Computer Science 330
Operating Systems

Fall 2020, Siena College

Lab 2: C
Due: 11:00 AM, Monday, August 31, 2020

In this lab, we will begin to develop your skills as a C programmer.

You must work individually on this lab.

Learning goals:

  1. To learn how to compile and run programs at the Unix command line.
  2. To learn about the search path in Unix shells.
  3. To learn the basic structure of a C program, including console input/output, and apply that understanding to implement some simple programs in C.

Getting Set Up

You will receive an email with the link to follow to set up your GitHub repository, which will be named c-lab-yourgitname, for this lab.

The C Programming Language

C is a widely-used, general purpose language, well-suited to low-level systems programming and scientific computation. Few languages have maintained popularity for as long as C has.

We will initially study it assuming you have Java experience, focusing on the features that make C significantly different from Java. Fortunately, Java borrowed much of its syntax from C, so it is not difficult for a Java programmer to read most C programs.

C++ is a superset of C (that is, any valid C program is also a valid C++ program, just one that doesn't take advantage of the additional features of C++). C++ adds object-oriented feautures. In this course, we will look only at C, not C++.

We saw in the first lab how to compile and run a "Hello, World" program. You used the gcc command to produce an executable file a.out. Your repository for this lab includes a similar program, hello.c. Even in this simple program, there are several things worth noting as a beginning C programmer.

The command

gcc hello.c

is essentially just another program that can can run at the command prompt. We run a program named gcc, which is a free C compiler, part of the GNU Compiler Collection.

This example uses the gcc command in its simplest form, where it is used to compile a complete C program that is contained in a single file. In this case, we're asking gcc to compile a C program (the source code) found in the file hello.c. Since we didn't specify what to call the executable program produced, gcc produces a file a.out. The name is a.out for historical reasons, and stands for "assembler output".

This is analogous to a Java program consisting of one class (let's say it's the public class Hello in Hello.java) that has nothing but a main method. There is an important difference, however. In Java, when you compile, either by pressing a button in your IDE or at the command line with

javac Hello.java

the file produced is Hello.class, which needs to be run inside a Java Virtual Machine (JVM):

java Hello

It cannot run directly on the computer's hardware. The program java, the implementation of the JVM, runs (more) directly on the hardware, but that program runs the Java program on our behalf.

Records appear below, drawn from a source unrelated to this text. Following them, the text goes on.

(* Let $\Omega_2=\{\omega_1,\omega_2\}$ with $\omega_1\neq\omega_2$, and $\mathcal{A}_2=2^{\Omega_2}$. A $q$-measure $\mu$ on $\mathcal{A}_2$ actualizes the coevent $\omega_1^*\oplus\omega_2^*$ if and only if $$\mu(\Omega_2)=\max(\mu(\{\omega_1\}),\mu(\{\omega_2\}))-\min(\mu(\{\omega_1\}),\mu(\{\omega_2\})).$$
   Context: Let $\Omega$ be a finite nonempty set and $\mathcal{A}=2^\Omega$. A coevent is a map $\phi:\mathcal{A}\to\{0,1\}$ with $\phi(\emptyset)=0$. For $\omega\in\Omega$ the evaluation map $\omega^*$ is the coevent with $\omega^*(A)=1$ if $\omega\in A$ and $0$ otherwise. Coevents are combined pointwise: $(\phi\oplus\psi)(A)=\phi(A)+\psi(A) \bmod 2$ and $(\phi\psi)(A)=\phi(A)\psi(A)$. For $f:\Omega\to[0,\infty)$ and a coevent $\phi$, the $q$-integral is $\int f\,d\phi=\int_0^\infty \phi(\{\omega\in\Omega: f(\omega)>\lambda\})\,d\lambda$ (Lebesgue measure in $\lambda$), and for $A\in\mathcal{A}$, $\int_A f\,d\phi=\int f\chi_A\,d\phi$. A $q$-measure is a map $\mu:\mathcal{A}\to[0,\infty)$ such that for all pairwise disjoint $A,B,C\in\mathcal{A}$: $\mu(A\cup B\cup C)=\mu(A\cup B)+\mu(A\cup C)+\mu(B\cup C)-\mu(A)-\mu(B)-\mu(C)$. The $q$-measure $\mu$ actualizes $\phi$ if there is a symmetric function $f:\Omega\times\Omega\to(0,\infty)$ such that for all $A\in\mathcal{A}$, $\mu(A)=\int g_A\,d\phi$, where $g_A(\omega')=\int_A f(\cdot,\omega')\,d\phi$ (the $q$-integral over $A$ of $\omega\mapsto f(\omega,\omega')$). *)

theory Defs
  imports "HOL-Analysis.Analysis"
begin

definition coevent :: "'a set \<Rightarrow> ('a set \<Rightarrow> nat) \<Rightarrow> bool" where
  "coevent \<Omega> \<phi> \<longleftrightarrow> \<phi> {} = 0 \<and> (\<forall>A. A \<subseteq> \<Omega> \<longrightarrow> \<phi> A \<in> {0, 1})"

definition eval_map :: "'a \<Rightarrow> 'a set \<Rightarrow> nat" where
  "eval_map \<omega> A = (if \<omega> \<in> A then 1 else 0)"

definition coev_add :: "('a set \<Rightarrow> nat) \<Rightarrow> ('a set \<Rightarrow> nat) \<Rightarrow> 'a set \<Rightarrow> nat" where
  "coev_add \<phi> \<psi> A = (\<phi> A + \<psi> A) mod 2"

definition qint :: "'a set \<Rightarrow> ('a set \<Rightarrow> nat) \<Rightarrow> ('a \<Rightarrow> real) \<Rightarrow> real" where
  "qint \<Omega> \<phi> f = (LINT l:{0..}|lborel. real (\<phi> {w \<in> \<Omega>. f w > l}))"

definition qint_on :: "'a set \<Rightarrow> ('a set \<Rightarrow> nat) \<Rightarrow> 'a set \<Rightarrow> ('a \<Rightarrow> real) \<Rightarrow> real" where
  "qint_on \<Omega> \<phi> A f = qint \<Omega> \<phi> (\<lambda>w. f w * indicator A w)"

definition qmeasure :: "'a set \<Rightarrow> ('a set \<Rightarrow> real) \<Rightarrow> bool" where
  "qmeasure \<Omega> \<mu> \<longleftrightarrow>
     (\<forall>A. A \<subseteq> \<Omega> \<longrightarrow> \<mu> A \<ge> 0) \<and>
     (\<forall>A B C. A \<subseteq> \<Omega> \<longrightarrow> B \<subseteq> \<Omega> \<longrightarrow> C \<subseteq> \<Omega> \<longrightarrow>
        A \<inter> B = {} \<longrightarrow> A \<inter> C = {} \<longrightarrow> B \<inter> C = {} \<longrightarrow>
        \<mu> (A \<union> B \<union> C) = \<mu> (A \<union> B) + \<mu> (A \<union> C) + \<mu> (B \<union> C) - \<mu> A - \<mu> B - \<mu> C)"

definition actualizes :: "'a set \<Rightarrow> ('a set \<Rightarrow> real) \<Rightarrow> ('a set \<Rightarrow> nat) \<Rightarrow> bool" where
  "actualizes \<Omega> \<mu> \<phi> \<longleftrightarrow>
     (\<exists>f :: 'a \<Rightarrow> 'a \<Rightarrow> real.
        (\<forall>x\<in>\<Omega>. \<forall>y\<in>\<Omega>. f x y > 0 \<and> f x y = f y x) \<and>
        (\<forall>A. A \<subseteq> \<Omega> \<longrightarrow>
           \<mu> A = qint \<Omega> \<phi> (\<lambda>w'. qint_on \<Omega> \<phi> A (\<lambda>w. f w w'))))"

end

theory Submission
  imports Defs
begin

text \<open>
  On the two-point space the coevent w1* + w2* (sum mod 2) takes the
  value 1 exactly on the sets containing exactly one of the two points, so its
  q-integral of a function g is the length of the interval between the positive parts
  of g(w1) and g(w2), i.e. their absolute difference.  Applying this twice, a
  positive symmetric kernel f with a = f(w1,w1), b = f(w1,w2), c = f(w2,w2)
  induces the set function
    {} |-> 0,   {w1} |-> |a - b|,   {w2} |-> |b - c|,   {w1,w2} |-> ||a - b| - |b - c||.
  Hence an actualized q-measure satisfies mu{w1,w2} = max - min of the singleton values.
  Conversely, given such a mu, the kernel a = 1 + mu{w1}, b = 1, c = 1 + mu{w2}
  reproduces mu (using mu{} = 0 and mu >= 0, which hold for every q-measure).
\<close>

abbreviation xor_coevent :: "'a \<Rightarrow> 'a \<Rightarrow> 'a set \<Rightarrow> nat" where
  "xor_coevent w1 w2 \<equiv> coev_add (eval_map w1) (eval_map w2)"

text \<open>The q-integral with respect to w1* + w2*: the integrand is the indicator of the
  interval between the positive parts of g(w1) and g(w2).\<close>

lemma qint_xor_coevent:
  assumes "w1 \<noteq> w2"
  shows "qint {w1, w2} (xor_coevent w1 w2) g = \<bar>max (g w1) 0 - max (g w2) 0\<bar>"
proof -
  define c where "c = max (g w1) 0"
  define d where "d = max (g w2) 0"
  have integrand: "(\<lambda>l. indicator {0..} l *\<^sub>R real (xor_coevent w1 w2 {w \<in> {w1, w2}. g w > l}))
                   = (indicator {min c d..<max c d} :: real \<Rightarrow> real)"
    using assms unfolding c_def d_def
    by (auto simp: indicator_def coev_add_def eval_map_def max_def min_def)
  have "qint {w1, w2} (xor_coevent w1 w2) g = measure lborel {min c d..<max c d}"
    unfolding qint_def set_lebesgue_integral_def integrand by simp
  also have "\<dots> = \<bar>c - d\<bar>"
    by (simp add: max_def min_def)
  finally show ?thesis
    by (simp add: c_def d_def)
qed

definition induced_qmeasure ::
    "'a set \<Rightarrow> ('a set \<Rightarrow> nat) \<Rightarrow> ('a \<Rightarrow> 'a \<Rightarrow> real) \<Rightarrow> 'a set \<Rightarrow> real" where
  "induced_qmeasure \<Omega> \<phi> f A = qint \<Omega> \<phi> (\<lambda>w'. qint_on \<Omega> \<phi> A (\<lambda>w. f w w'))"

lemma actualizes_iff_induced:
  "actualizes \<Omega> \<mu> \<phi> \<longleftrightarrow>
     (\<exists>f. (\<forall>x\<in>\<Omega>. \<forall>y\<in>\<Omega>. f x y > 0 \<and> f x y = f y x) \<and>
          (\<forall>A. A \<subseteq> \<Omega> \<longrightarrow> \<mu> A = induced_qmeasure \<Omega> \<phi> f A))"
  unfolding actualizes_def induced_qmeasure_def ..

lemma induced_qmeasure_xor_coevent:
  assumes "w1 \<noteq> w2" and sym: "f w2 w1 = f w1 w2"
    and nonneg: "f w1 w1 \<ge> 0" "f w1 w2 \<ge> 0" "f w2 w2 \<ge> 0"
  defines "I \<equiv> induced_qmeasure {w1, w2} (xor_coevent w1 w2) f"
  shows "I {} = 0"
    and "I {w1} = \<bar>f w1 w1 - f w1 w2\<bar>"
    and "I {w2} = \<bar>f w1 w2 - f w2 w2\<bar>"
    and "I {w1, w2} = \<bar>\<bar>f w1 w1 - f w1 w2\<bar> - \<bar>f w1 w2 - f w2 w2\<bar>\<bar>"
  using assms(1) sym nonneg
  by (simp_all add: I_def induced_qmeasure_def qint_on_def qint_xor_coevent[OF assms(1)]
      indicator_def)

text \<open>Every q-measure vanishes on the empty set (take A = B = C = {} in the grade-2
  additivity law).\<close>

lemma qmeasure_empty:
  assumes "qmeasure \<Omega> \<mu>"
  shows "\<mu> {} = 0"
proof -
  have "\<mu> {} = \<mu> {} + \<mu> {} + \<mu> {} - \<mu> {} - \<mu> {} - \<mu> {}"
    using assms unfolding qmeasure_def by (metis empty_subsetI inf_bot_left sup_bot_left)
  then show ?thesis by simp
qed

lemma induced_whole_space_distance:
  assumes "w1 \<noteq> w2"
    and pos_sym: "\<forall>x\<in>{w1, w2}. \<forall>y\<in>{w1, w2}. 0 < f x y \<and> f x y = f y x"
    and induced: "\<And>A. A \<subseteq> {w1, w2} \<Longrightarrow> \<mu> A = induced_qmeasure {w1, w2} (xor_coevent w1 w2) f A"
  shows "\<mu> {w1, w2} = \<bar>\<mu> {w1} - \<mu> {w2}\<bar>"
proof -
  have sym: "f w2 w1 = f w1 w2" and pos: "0 < f w1 w1" "0 < f w1 w2" "0 < f w2 w2"
    using pos_sym by blast+
  note kernel_values = induced_qmeasure_xor_coevent[OF assms(1) sym pos[THEN less_imp_le]]
  have "\<mu> {w1} = \<bar>f w1 w1 - f w1 w2\<bar>" "\<mu> {w2} = \<bar>f w1 w2 - f w2 w2\<bar>"
    and "\<mu> {w1, w2} = \<bar>\<bar>f w1 w1 - f w1 w2\<bar> - \<bar>f w1 w2 - f w2 w2\<bar>\<bar>"
    using induced[of "{w1}"] induced[of "{w2}"] induced[of "{w1, w2}"] kernel_values
    by simp_all
  then show ?thesis
    by simp
qed

definition diagonal_kernel :: "('a set \<Rightarrow> real) \<Rightarrow> 'a \<Rightarrow> 'a \<Rightarrow> real" where
  "diagonal_kernel \<mu> x y = (if x = y then 1 + \<mu> {x} else 1)"

lemma diagonal_kernel_pos_sym:
  "\<mu> {x} \<ge> 0 \<Longrightarrow> 0 < diagonal_kernel \<mu> x y \<and> diagonal_kernel \<mu> x y = diagonal_kernel \<mu> y x"
  by (simp add: diagonal_kernel_def)

lemma subsets_of_pair:
  "A \<subseteq> {w1, w2} \<Longrightarrow> A = {} \<or> A = {w1} \<or> A = {w2} \<or> A = {w1, w2}"
  by blast

text \<open>The q-measure
  hypothesis supplies mu{} = 0 and the nonnegativity of the singleton values.\<close>

lemma diagonal_kernel_induces:
  assumes "w1 \<noteq> w2" and qm: "qmeasure {w1, w2} \<mu>"
    and diff: "\<mu> {w1, w2} = \<bar>\<mu> {w1} - \<mu> {w2}\<bar>"
    and "A \<subseteq> {w1, w2}"
  shows "\<mu> A = induced_qmeasure {w1, w2} (xor_coevent w1 w2) (diagonal_kernel \<mu>) A"
proof -
  have nonneg: "\<mu> {w1} \<ge> 0" "\<mu> {w2} \<ge> 0"
    using qm unfolding qmeasure_def by auto
  have entries: "diagonal_kernel \<mu> w1 w1 = 1 + \<mu> {w1}" "diagonal_kernel \<mu> w2 w2 = 1 + \<mu> {w2}"
      "diagonal_kernel \<mu> w1 w2 = 1" "diagonal_kernel \<mu> w2 w1 = 1"
    using assms(1) by (simp_all add: diagonal_kernel_def)
  have "diagonal_kernel \<mu> w2 w1 = diagonal_kernel \<mu> w1 w2" "diagonal_kernel \<mu> w1 w1 \<ge> 0"
      "diagonal_kernel \<mu> w1 w2 \<ge> 0" "diagonal_kernel \<mu> w2 w2 \<ge> 0"
    using nonneg by (simp_all add: entries)
  note kernel_values = induced_qmeasure_xor_coevent[OF assms(1) this, unfolded entries]
  show ?thesis
    using subsets_of_pair[OF assms(4)] kernel_values nonneg diff qmeasure_empty[OF qm]
    by (elim disjE) simp_all
qed

lemma abs_diff_eq_max_minus_min: "\<bar>x - y\<bar> = max x y - min x y" for x y :: real
  by (simp add: max_def min_def)

theorem theorem4p1:
  fixes w1 w2 :: 'a and \<mu> :: "'a set \<Rightarrow> real"
  assumes "w1 \<noteq> w2"
    and "qmeasure {w1, w2} \<mu>"
  shows "actualizes {w1, w2} \<mu> (coev_add (eval_map w1) (eval_map w2)) \<longleftrightarrow>
         \<mu> {w1, w2} = max (\<mu> {w1}) (\<mu> {w2}) - min (\<mu> {w1}) (\<mu> {w2})"
  unfolding actualizes_iff_induced abs_diff_eq_max_minus_min[symmetric]
proof (intro iffI)
  assume "\<exists>f. (\<forall>x\<in>{w1, w2}. \<forall>y\<in>{w1, w2}. 0 < f x y \<and> f x y = f y x) \<and>
      (\<forall>A. A \<subseteq> {w1, w2} \<longrightarrow> \<mu> A = induced_qmeasure {w1, w2} (xor_coevent w1 w2) f A)"
  then obtain f where pos_sym: "\<forall>x\<in>{w1, w2}. \<forall>y\<in>{w1, w2}. 0 < f x y \<and> f x y = f y x"
    and induced: "\<forall>A. A \<subseteq> {w1, w2} \<longrightarrow> \<mu> A = induced_qmeasure {w1, w2} (xor_coevent w1 w2) f A"
    by blast
  show "\<mu> {w1, w2} = \<bar>\<mu> {w1} - \<mu> {w2}\<bar>"
    using induced by (intro induced_whole_space_distance[OF assms(1) pos_sym]) simp
next
  assume diff: "\<mu> {w1, w2} = \<bar>\<mu> {w1} - \<mu> {w2}\<bar>"
  have "\<mu> {x} \<ge> 0" if "x \<in> {w1, w2}" for x
    using assms(2) that unfolding qmeasure_def by (meson empty_subsetI insert_subset)
  then have "\<forall>x\<in>{w1, w2}. \<forall>y\<in>{w1, w2}. 0 < diagonal_kernel \<mu> x y \<and>
          diagonal_kernel \<mu> x y = diagonal_kernel \<mu> y x"
    by (simp add: diagonal_kernel_pos_sym)
  then show "\<exists>f. (\<forall>x\<in>{w1, w2}. \<forall>y\<in>{w1, w2}. 0 < f x y \<and> f x y = f y x) \<and>
      (\<forall>A. A \<subseteq> {w1, w2} \<longrightarrow> \<mu> A = induced_qmeasure {w1, w2} (xor_coevent w1 w2) f A)"
    using diagonal_kernel_induces[OF assms diff] by blast
qed

end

Executables and Search Paths

But... when we compile the hello.c program, the a.out file produced is an actual executable program that runs on the hardware.

To understand how we run the program and why it's done that way, we need to understand how Unix shells run any program. Basically, to run a program we type its name. But the names it recognizes are only those programs that exist in a set of directories on the system called the search path.

The search path is simply a list of directory names, which are searched in the order they're specified for an executable program with the name that was typed at the shell prompt.

The search path is specified using an environment variable. Environment variables are used in Unix to provide information to a variety of programs. We can see the set of environment variables assigned to our shell with the env command. Run the command and redirect its output to a file env.out.

Output Capture: env.out for 1 point(s)

In the file env.out, find the line that specifies the PATH environment variable. This is the list of directories where your shell will look for programs when you type a name at the prompt.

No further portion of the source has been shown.